Entries shown ->
(* Fix $\chi \in C_c^\infty((0,1))$. There is a function $g_\chi:(0,\infty) \to [0,\infty)$ depending only on $\chi$ such that: for every $N \in \mathbb N$, every $a \in \mathbb Z_N \simeq \{0,\dots,N-1\}$ and every $r \in (0,1/2)$ with $d(a/N, 0) \ge r$, $$\Big| \sum_{m=0}^{N-1} \exp\Big(\frac{2\pi i a m}{N}\Big) \chi\Big(\frac mN\Big)\Big| \le N \cdot g_\chi(Nr);$$ moreover, for every $n \ge 0$ there is $C_n>0$ (depending only on $\chi$) with $g_\chi(x) \le C_n x^{-n}$ for all $x>0$, and if $\chi \in \mathcal G^s_c((0,1))$ for some $s>1$ then there are $C, c > 0$ (depending only on $\chi$) with $g_\chi(x) \le C e^{-c x^{1/s}}$ for all $x > 0$.
   Context: On $[0,1]$ with $0$ and $1$ identified, $d(x,y) = \min\{|x-y|, 1 - |x-y|\}$. For $s>1$, $\mathcal G^s_c((0,1))$ is the set of $f \in C_c^\infty(\mathbb R)$ with $\operatorname{supp} f \subset (0,1)$ such that for every compact $K' \subset \mathbb R$ there is $C_{K',f}$ with $\sup_{x \in K'}|\partial^\alpha f(x)| \le C_{K',f}^{\alpha+1}(\alpha!)^s$ for all integers $\alpha \ge 0$. *)

theory Defs
  imports "HOL-Analysis.Analysis"
begin

text \<open>Distance on [0,1] with 0 and 1 identified.\<close>
definition circ_dist :: "real \<Rightarrow> real \<Rightarrow> real" where
  "circ_dist x y = min \<bar>x - y\<bar> (1 - \<bar>x - y\<bar>)"

definition smooth_real :: "(real \<Rightarrow> real) \<Rightarrow> bool" where
  "smooth_real f \<longleftrightarrow> (\<forall>k x. ((deriv ^^ k) f) differentiable (at x))"

definition Cc_inf_01 :: "(real \<Rightarrow> real) \<Rightarrow> bool" where
  "Cc_inf_01 f \<longleftrightarrow> smooth_real f \<and> compact (closure {x. f x \<noteq> 0})
      \<and> closure {x. f x \<noteq> 0} \<subseteq> {0<..<1}"

definition Gevrey_c_01 :: "real \<Rightarrow> (real \<Rightarrow> real) \<Rightarrow> bool" where
  "Gevrey_c_01 s f \<longleftrightarrow> Cc_inf_01 f \<and>
     (\<forall>K. compact K \<longrightarrow> (\<exists>C. \<forall>(\<alpha>::nat). \<forall>x\<in>K.
        \<bar>(deriv ^^ \<alpha>) f x\<bar> \<le> C ^ (\<alpha> + 1) * (fact \<alpha>) powr s))"

end

theory Submission
  imports Defs
begin

text \<open>
  Put w = exp (2 pi i a / N) and h = 1 / N. Since chi vanishes outside (0,1), summation by parts
  k times turns (1 - w)^k times the sum into the sum over m < N + k of w^m times the k-th backward
  difference of chi with step h at m / N, and by the mean value theorem that difference is at most
  h^k sup |chi^(k)|. As |1 - w| = 2 |sin (pi a / N)| >= 2 r, the sum is at most
  N (k + 1) sup |chi^(k)| / (2 N r)^k for every k, and g is the infimum of these bounds over k,
  taken at x = N r. Fixing k = n gives decay of order x^(-n). For Gevrey chi,
  sup |chi^(k)| <= A^(k+1) (k!)^s, and k close to c x^(1/s) makes the k-th bound O(e^(-k)).
\<close>

definition backward_diff :: "real \<Rightarrow> (real \<Rightarrow> real) \<Rightarrow> real \<Rightarrow> real" where
  "backward_diff h f t = f t - f (t - h)"

lemma has_real_derivative_backward_diff:
  fixes f :: "real \<Rightarrow> real"
  assumes "\<And>x. f differentiable (at x)"
  shows "(backward_diff h f has_real_derivative backward_diff h (deriv f) x) (at x)"
proof -
  have "(f has_real_derivative deriv f y) (at y)" for y
    using assms DERIV_deriv_iff_real_differentiable by blast
  then have "((\<lambda>t. f (t - h)) has_real_derivative deriv f (x - h)) (at x)"
    using DERIV_shift[of f "deriv f (x - h)" x "- h"] by simp
  with \<open>(f has_real_derivative deriv f x) (at x)\<close> show ?thesis
    unfolding backward_diff_def by (auto intro: derivative_eq_intros)
qed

Required work ->
Return the listing above exactly, line for line.

Output of the task ->
(* Fix $\chi \in C_c^\infty((0,1))$. There is a function $g_\chi:(0,\infty) \to [0,\infty)$ depending only on $\chi$ such that: for every $N \in \mathbb N$, every $a \in \mathbb Z_N \simeq \{0,\dots,N-1\}$ and every $r \in (0,1/2)$ with $d(a/N, 0) \ge r$, $$\Big| \sum_{m=0}^{N-1} \exp\Big(\frac{2\pi i a m}{N}\Big) \chi\Big(\frac mN\Big)\Big| \le N \cdot g_\chi(Nr);$$ moreover, for every $n \ge 0$ there is $C_n>0$ (depending only on $\chi$) with $g_\chi(x) \le C_n x^{-n}$ for all $x>0$, and if $\chi \in \mathcal G^s_c((0,1))$ for some $s>1$ then there are $C, c > 0$ (depending only on $\chi$) with $g_\chi(x) \le C e^{-c x^{1/s}}$ for all $x > 0$.
   Context: On $[0,1]$ with $0$ and $1$ identified, $d(x,y) = \min\{|x-y|, 1 - |x-y|\}$. For $s>1$, $\mathcal G^s_c((0,1))$ is the set of $f \in C_c^\infty(\mathbb R)$ with $\operatorname{supp} f \subset (0,1)$ such that for every compact $K' \subset \mathbb R$ there is $C_{K',f}$ with $\sup_{x \in K'}|\partial^\alpha f(x)| \le C_{K',f}^{\alpha+1}(\alpha!)^s$ for all integers $\alpha \ge 0$. *)

theory Defs
  imports "HOL-Analysis.Analysis"
begin

text \<open>Distance on [0,1] with 0 and 1 identified.\<close>
definition circ_dist :: "real \<Rightarrow> real \<Rightarrow> real" where
  "circ_dist x y = min \<bar>x - y\<bar> (1 - \<bar>x - y\<bar>)"

definition smooth_real :: "(real \<Rightarrow> real) \<Rightarrow> bool" where
  "smooth_real f \<longleftrightarrow> (\<forall>k x. ((deriv ^^ k) f) differentiable (at x))"

definition Cc_inf_01 :: "(real \<Rightarrow> real) \<Rightarrow> bool" where
  "Cc_inf_01 f \<longleftrightarrow> smooth_real f \<and> compact (closure {x. f x \<noteq> 0})
      \<and> closure {x. f x \<noteq> 0} \<subseteq> {0<..<1}"

definition Gevrey_c_01 :: "real \<Rightarrow> (real \<Rightarrow> real) \<Rightarrow> bool" where
  "Gevrey_c_01 s f \<longleftrightarrow> Cc_inf_01 f \<and>
     (\<forall>K. compact K \<longrightarrow> (\<exists>C. \<forall>(\<alpha>::nat). \<forall>x\<in>K.
        \<bar>(deriv ^^ \<alpha>) f x\<bar> \<le> C ^ (\<alpha> + 1) * (fact \<alpha>) powr s))"

end

theory Submission
  imports Defs
begin

text \<open>
  Put w = exp (2 pi i a / N) and h = 1 / N. Since chi vanishes outside (0,1), summation by parts
  k times turns (1 - w)^k times the sum into the sum over m < N + k of w^m times the k-th backward
  difference of chi with step h at m / N, and by the mean value theorem that difference is at most
  h^k sup |chi^(k)|. As |1 - w| = 2 |sin (pi a / N)| >= 2 r, the sum is at most
  N (k + 1) sup |chi^(k)| / (2 N r)^k for every k, and g is the infimum of these bounds over k,
  taken at x = N r. Fixing k = n gives decay of order x^(-n). For Gevrey chi,
  sup |chi^(k)| <= A^(k+1) (k!)^s, and k close to c x^(1/s) makes the k-th bound O(e^(-k)).
\<close>

definition backward_diff :: "real \<Rightarrow> (real \<Rightarrow> real) \<Rightarrow> real \<Rightarrow> real" where
  "backward_diff h f t = f t - f (t - h)"

lemma has_real_derivative_backward_diff:
  fixes f :: "real \<Rightarrow> real"
  assumes "\<And>x. f differentiable (at x)"
  shows "(backward_diff h f has_real_derivative backward_diff h (deriv f) x) (at x)"
proof -
  have "(f has_real_derivative deriv f y) (at y)" for y
    using assms DERIV_deriv_iff_real_differentiable by blast
  then have "((\<lambda>t. f (t - h)) has_real_derivative deriv f (x - h)) (at x)"
    using DERIV_shift[of f "deriv f (x - h)" x "- h"] by simp
  with \<open>(f has_real_derivative deriv f x) (at x)\<close> show ?thesis
    unfolding backward_diff_def by (auto intro: derivative_eq_intros)
qed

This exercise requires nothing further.